特にあのジャーヴィスって男子には要注意だ。
学園にいる生徒で唯一勇者パーティーの一員として旅に同行する、バレットの片腕的存在だからな。
……もしかしたら、ティモンズ先生も裏でバレット(前)と悪しき関係だったのかもしれない。その謎を紐解くためにも、メイド三人衆の情報が待たれる。
演習明けの翌日は午前中のみの授業となった。
アストル学園では、たまにこういう日もあるらしい――が、いつもならば事前に通達があるのみ、今回は当日の朝に知らされるという急なものだった。

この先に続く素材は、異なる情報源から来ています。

(* Let $(\Omega,\mathcal F)$ be a measurable space, $\mathcal X$ the set of bounded measurable functions, and $v$ a binary capacity with null set $\mathcal C_v=\{A\in\mathcal F: v(A)=0\}$. Then the Choquet integral $I_v:\mathcal X\to\mathbb R$ is convex (i.e. $I_v(\lambda X+(1-\lambda)Y)\le\lambda I_v(X)+(1-\lambda)I_v(Y)$ for all $\lambda\in[0,1]$, $X,Y\in\mathcal X$) if and only if $\mathcal C_v$ is closed under union (i.e. $A,B\in\mathcal C_v$ implies $A\cup B\in\mathcal C_v$).
   Context: A binary capacity is an increasing function $v:\mathcal F\to\{0,1\}$ (i.e. $v(A)\le v(B)$ for $A\subseteq B$) with $v(\varnothing)=0$, $v(\Omega)=1$. $I_v(X)=\int_{-\infty}^0(v(X\ge x)-1)\,\mathrm dx+\int_0^\infty v(X\ge x)\,\mathrm dx$. *)

theory Defs
  imports "HOL-Analysis.Analysis"
begin

definition binary_capacity :: "'a measure \<Rightarrow> ('a set \<Rightarrow> real) \<Rightarrow> bool" where
  "binary_capacity M v \<longleftrightarrow>
     (\<forall>A\<in>sets M. v A \<in> {0, 1}) \<and>
     (\<forall>A\<in>sets M. \<forall>B\<in>sets M. A \<subseteq> B \<longrightarrow> v A \<le> v B) \<and>
     v {} = 0 \<and> v (space M) = 1"

definition bounded_measurable :: "'a measure \<Rightarrow> ('a \<Rightarrow> real) \<Rightarrow> bool" where
  "bounded_measurable M X \<longleftrightarrow> X \<in> borel_measurable M \<and> bounded (X ` space M)"

definition choquet :: "'a measure \<Rightarrow> ('a set \<Rightarrow> real) \<Rightarrow> ('a \<Rightarrow> real) \<Rightarrow> real" where
  "choquet M v X =
     (LBINT x:{..0::real}. v {\<omega>\<in>space M. x \<le> X \<omega>} - 1) +
     (LBINT x:{0::real..}. v {\<omega>\<in>space M. x \<le> X \<omega>})"

end

theory Submission imports Defs begin

text \<open>For a binary capacity the function \<open>x \<mapsto> v {X \<ge> x}\<close> drops from 1 to 0 at a single
  point, and the Choquet integral of \<open>X\<close> is that jump point. If null sets are closed under
  union, then for \<open>t\<close> above \<open>\<lambda> I\<^sub>v X + (1 - \<lambda>) I\<^sub>v Y\<close> the level set
  \<open>{\<lambda> X + (1 - \<lambda>) Y \<ge> t}\<close> lies in the union of two null upper level sets of \<open>X\<close> and \<open>Y\<close>,
  which gives convexity. Conversely, if \<open>A\<close>, \<open>B\<close> are null but \<open>A \<union> B\<close> is not, then
  \<open>I\<^sub>v 1\<^sub>A = I\<^sub>v 1\<^sub>B = 0\<close> while \<open>I\<^sub>v ((1\<^sub>A + 1\<^sub>B) / 2) \<ge> 1/2\<close>.\<close>

definition choquet_convex :: "'a measure \<Rightarrow> ('a set \<Rightarrow> real) \<Rightarrow> bool" where
  "choquet_convex M v \<longleftrightarrow>
     (\<forall>l::real. \<forall>X Y. 0 \<le> l \<and> l \<le> 1 \<and> bounded_measurable M X \<and> bounded_measurable M Y \<longrightarrow>
        choquet M v (\<lambda>\<omega>. l * X \<omega> + (1 - l) * Y \<omega>) \<le> l * choquet M v X + (1 - l) * choquet M v Y)"

definition capacity_null_Un_closed :: "'a measure \<Rightarrow> ('a set \<Rightarrow> real) \<Rightarrow> bool" where
  "capacity_null_Un_closed M v \<longleftrightarrow>
     (\<forall>A\<in>sets M. \<forall>B\<in>sets M. v A = 0 \<and> v B = 0 \<longrightarrow> v (A \<union> B) = 0)"

lemma binary_capacity_values:
  "binary_capacity M v \<Longrightarrow> A \<in> sets M \<Longrightarrow> v A = 0 \<or> v A = 1"
  by (auto simp: binary_capacity_def)

lemma binary_capacity_null_subset:
  assumes "binary_capacity M v" "A \<in> sets M" "B \<in> sets M" "A \<subseteq> B" "v B = 0"
  shows "v A = 0"
  using assms binary_capacity_values[OF assms(1,2)] by (fastforce simp: binary_capacity_def)

lemma binary_capacity_full_superset:
  assumes "binary_capacity M v" "A \<in> sets M" "B \<in> sets M" "A \<subseteq> B" "v A = 1"
  shows "v B = 1"
  using assms binary_capacity_values[OF assms(1,3)] by (fastforce simp: binary_capacity_def)

lemma bounded_measurable_lincomb:
  assumes "bounded_measurable M X" "bounded_measurable M Y"
  shows "bounded_measurable M (\<lambda>\<omega>. a * X \<omega> + b * Y \<omega>)"
proof -
  obtain K L where K: "\<And>\<omega>. \<omega> \<in> space M \<Longrightarrow> \<bar>X \<omega>\<bar> \<le> K" and L: "\<And>\<omega>. \<omega> \<in> space M \<Longrightarrow> \<bar>Y \<omega>\<bar> \<le> L"
    using assms unfolding bounded_measurable_def bounded_real by auto
  have "\<bar>a * X \<omega> + b * Y \<omega>\<bar> \<le> \<bar>a\<bar> * K + \<bar>b\<bar> * L" if "\<omega> \<in> space M" for \<omega>
  proof -
    have "\<bar>a * X \<omega>\<bar> \<le> \<bar>a\<bar> * K" "\<bar>b * Y \<omega>\<bar> \<le> \<bar>b\<bar> * L"
      using K[OF that] L[OF that] by (simp_all add: abs_mult mult_left_mono)
    then show ?thesis by linarith
  qed
  with assms show ?thesis unfolding bounded_measurable_def bounded_real by auto
qed

lemma bounded_measurable_indicator:
  assumes "A \<in> sets M"
  shows "bounded_measurable M (indicator A :: 'a \<Rightarrow> real)"
proof -
  have "indicator A ` space M \<subseteq> {0, 1::real}" by (auto simp: indicator_def)
  then have "bounded (indicator A ` space M :: real set)"
    by (rule bounded_subset[OF finite_imp_bounded, rotated]) simp
  with assms show ?thesis unfolding bounded_measurable_def by simp
qed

いわゆる職員会議的なものらしいが……議題は間違いなく、ラウルとリックの暴走事件についてだろう。急に教師たちを集めたとなると――もしかして、事件に関する重要な情報が手に入ったのか?
「バレット? どうかしましたか?」
「っ! あ、い、いや、なんでもないよ」
……教師たちが何を話し合っているのか、その内容が気になるところではあるが、今は緑化委員の仕事に専念しよう。ティーテを不安にさせるわけにはいかないからな。
午前中の座学の授業を終えた後、俺とティーテは緑化委員に顔を出した。
委員長のハンスにコルネル。そして、
「こんにちは、バレット」
「やあ――メリア」
メリアの三人だ。
バレット(前)が口説いた――というか、声をかけた女子たちとの関係をクリーンにし、婚約者であるティーテとの関係を大幅に改善したことで、クラスメイトとの関係も劇的に変化していった。

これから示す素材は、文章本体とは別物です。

lemma AE_in_rv_support:
  assumes "prob_space M" and X: "X \<in> borel_measurable M"
  shows "AE \<omega> in M. X \<omega> \<in> rv_support M X"
proof -
  interpret prob_space M by fact
  define I where "I = {(p, r). p \<in> \<rat> \<and> r \<in> \<rat> \<and> prob {\<omega> \<in> space M. p < X \<omega> \<and> X \<omega> < r} = 0}"
  define A where "A = (\<lambda>(p, r). {\<omega> \<in> space M. p < X \<omega> \<and> X \<omega> < r})"
  have "countable I"
    by (rule countable_subset[of _ "\<rat> \<times> \<rat>"]) (auto simp: I_def countable_rat)
  moreover have "A i \<in> null_sets M" if "i \<in> I" for i
  proof -
    obtain p r where i: "i = (p, r)" "prob {\<omega> \<in> space M. p < X \<omega> \<and> X \<omega> < r} = 0"
      using \<open>i \<in> I\<close> unfolding I_def by auto
    have "{\<omega> \<in> space M. p < X \<omega> \<and> X \<omega> < r} \<in> sets M" using X by measurable
    then show ?thesis using i by (simp add: A_def null_sets_def emeasure_eq_measure)
  qed
  ultimately have null: "(\<Union>i\<in>I. A i) \<in> null_sets M"
    using null_sets_UN' by blast
  show ?thesis
  proof (rule AE_I'[OF null], safe)
    fix \<omega> assume \<omega>: "\<omega> \<in> space M" "X \<omega> \<notin> rv_support M X"
    obtain e where e: "e > 0" "\<not> prob {\<omega>' \<in> space M. \<bar>X \<omega>' - X \<omega>\<bar> < e} > 0"
      using \<omega>(2) unfolding rv_support_def by auto
    obtain p where p: "p \<in> \<rat>" "X \<omega> - e < p" "p < X \<omega>"
      using Rats_dense_in_real[of "X \<omega> - e" "X \<omega>"] e(1) by auto
    obtain r where r: "r \<in> \<rat>" "X \<omega> < r" "r < X \<omega> + e"
      using Rats_dense_in_real[of "X \<omega>" "X \<omega> + e"] e(1) by auto
    have "{\<omega>' \<in> space M. \<bar>X \<omega>' - X \<omega>\<bar> < e} \<in> sets M" using X by measurable
    then have "prob {\<omega>' \<in> space M. p < X \<omega>' \<and> X \<omega>' < r} \<le> prob {\<omega>' \<in> space M. \<bar>X \<omega>' - X \<omega>\<bar> < e}"
      using p r by (intro finite_measure_mono) auto
    then have "prob {\<omega>' \<in> space M. p < X \<omega>' \<and> X \<omega>' < r} = 0"
      using e(2) measure_nonneg[of M "{\<omega>' \<in> space M. p < X \<omega>' \<and> X \<omega>' < r}"] by linarith
    then have "(p, r) \<in> I"
      using p r unfolding I_def by auto
    moreover have "\<omega> \<in> A (p, r)" using \<omega> p r unfolding A_def by auto
    ultimately show "\<omega> \<in> (\<Union>i\<in>I. A i)" by auto
  qed
qed

lemma tangent_le_of_second_deriv_nonneg:
  fixes F F' F'' :: "real \<Rightarrow> real"
  assumes F: "\<And>y. y > 0 \<Longrightarrow> (F has_real_derivative F' y) (at y)"
    and F': "\<And>y. y > 0 \<Longrightarrow> (F' has_real_derivative F'' y) (at y)"
    and F''_nonneg: "\<And>y. y > 0 \<Longrightarrow> 0 \<le> F'' y"
    and "x > 0" and "m > 0"
  shows "F m + F' m * (x - m) \<le> F x"
proof -
  define h where "h = (\<lambda>x. F x - F m - F' m * (x - m))"
  have h_deriv: "(h has_real_derivative (F' y - F' m)) (at y)" if "y > 0" for y
    unfolding h_def using F[OF that] by (auto intro!: derivative_eq_intros)
  have F'_mono: "F' a \<le> F' b" if "0 < a" "a \<le> b" for a b
    by (rule DERIV_nonneg_imp_nondecreasing[OF that(2)]) (meson F' F''_nonneg less_le_trans that(1))
  have "h m \<le> h x"
  proof (cases "m \<le> x")
    case True
    show ?thesis
    proof (rule DERIV_nonneg_imp_nondecreasing[OF True])
      fix t assume "m \<le> t" "t \<le> x"
      then show "\<exists>y. (h has_real_derivative y) (at t) \<and> 0 \<le> y"
        using h_deriv[of t] F'_mono[of m t] \<open>m > 0\<close> by auto
    qed
  next
    case False
    show ?thesis
    proof (rule DERIV_nonpos_imp_nonincreasing[of x m])
      fix t assume "x \<le> t" "t \<le> m"
      then show "\<exists>y. (h has_real_derivative y) (at t) \<and> y \<le> 0"
        using h_deriv[of t] F'_mono[of t m] \<open>x > 0\<close> by auto
    qed (use False in simp)
  qed
  then show ?thesis unfolding h_def by simp
qed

メリアの恋人(?)でクラス委員のクライネだけは、未だに俺のことを信頼しきっていないようだが、他のクラスメイトとは自然に会話ができるようになってきた。
時に大きな変化は、先ほどのメリアのように、俺を「様」づけで呼ばなくなったこと。これが地味に嬉しい。
「いい柄の鉢ね、ティーテ」
「王都でバレットと一緒に買ってきたんだよね?」
「うん♪」
コルネル、メリア、ティーテの三人は両手を泥だらけにして作業に夢中となっている。それぞれ、緑化委員の仕事に適した、運動用の服に着替えているため、汚れることを期にはしていないようだ。
「素晴らしい光景じゃないか」
三人を眺めていた俺のもとへ、ハンス委員長がやってくる。
「麗しき少女たちが汚れることもためらわずに花壇の手入れとは……」
「そ、そうですね」
感極まって、変なテンションのハンス委員長。
この人の実家も凄いらしいが……まあ、ある意味、この人も凄いけどね。
「そういえば、バレット」
さっきまでうっとりとした表情でティーテたちを眺めていたハンス委員長は、突然真顔になってこちらを向く。テンションの高低差エグいな。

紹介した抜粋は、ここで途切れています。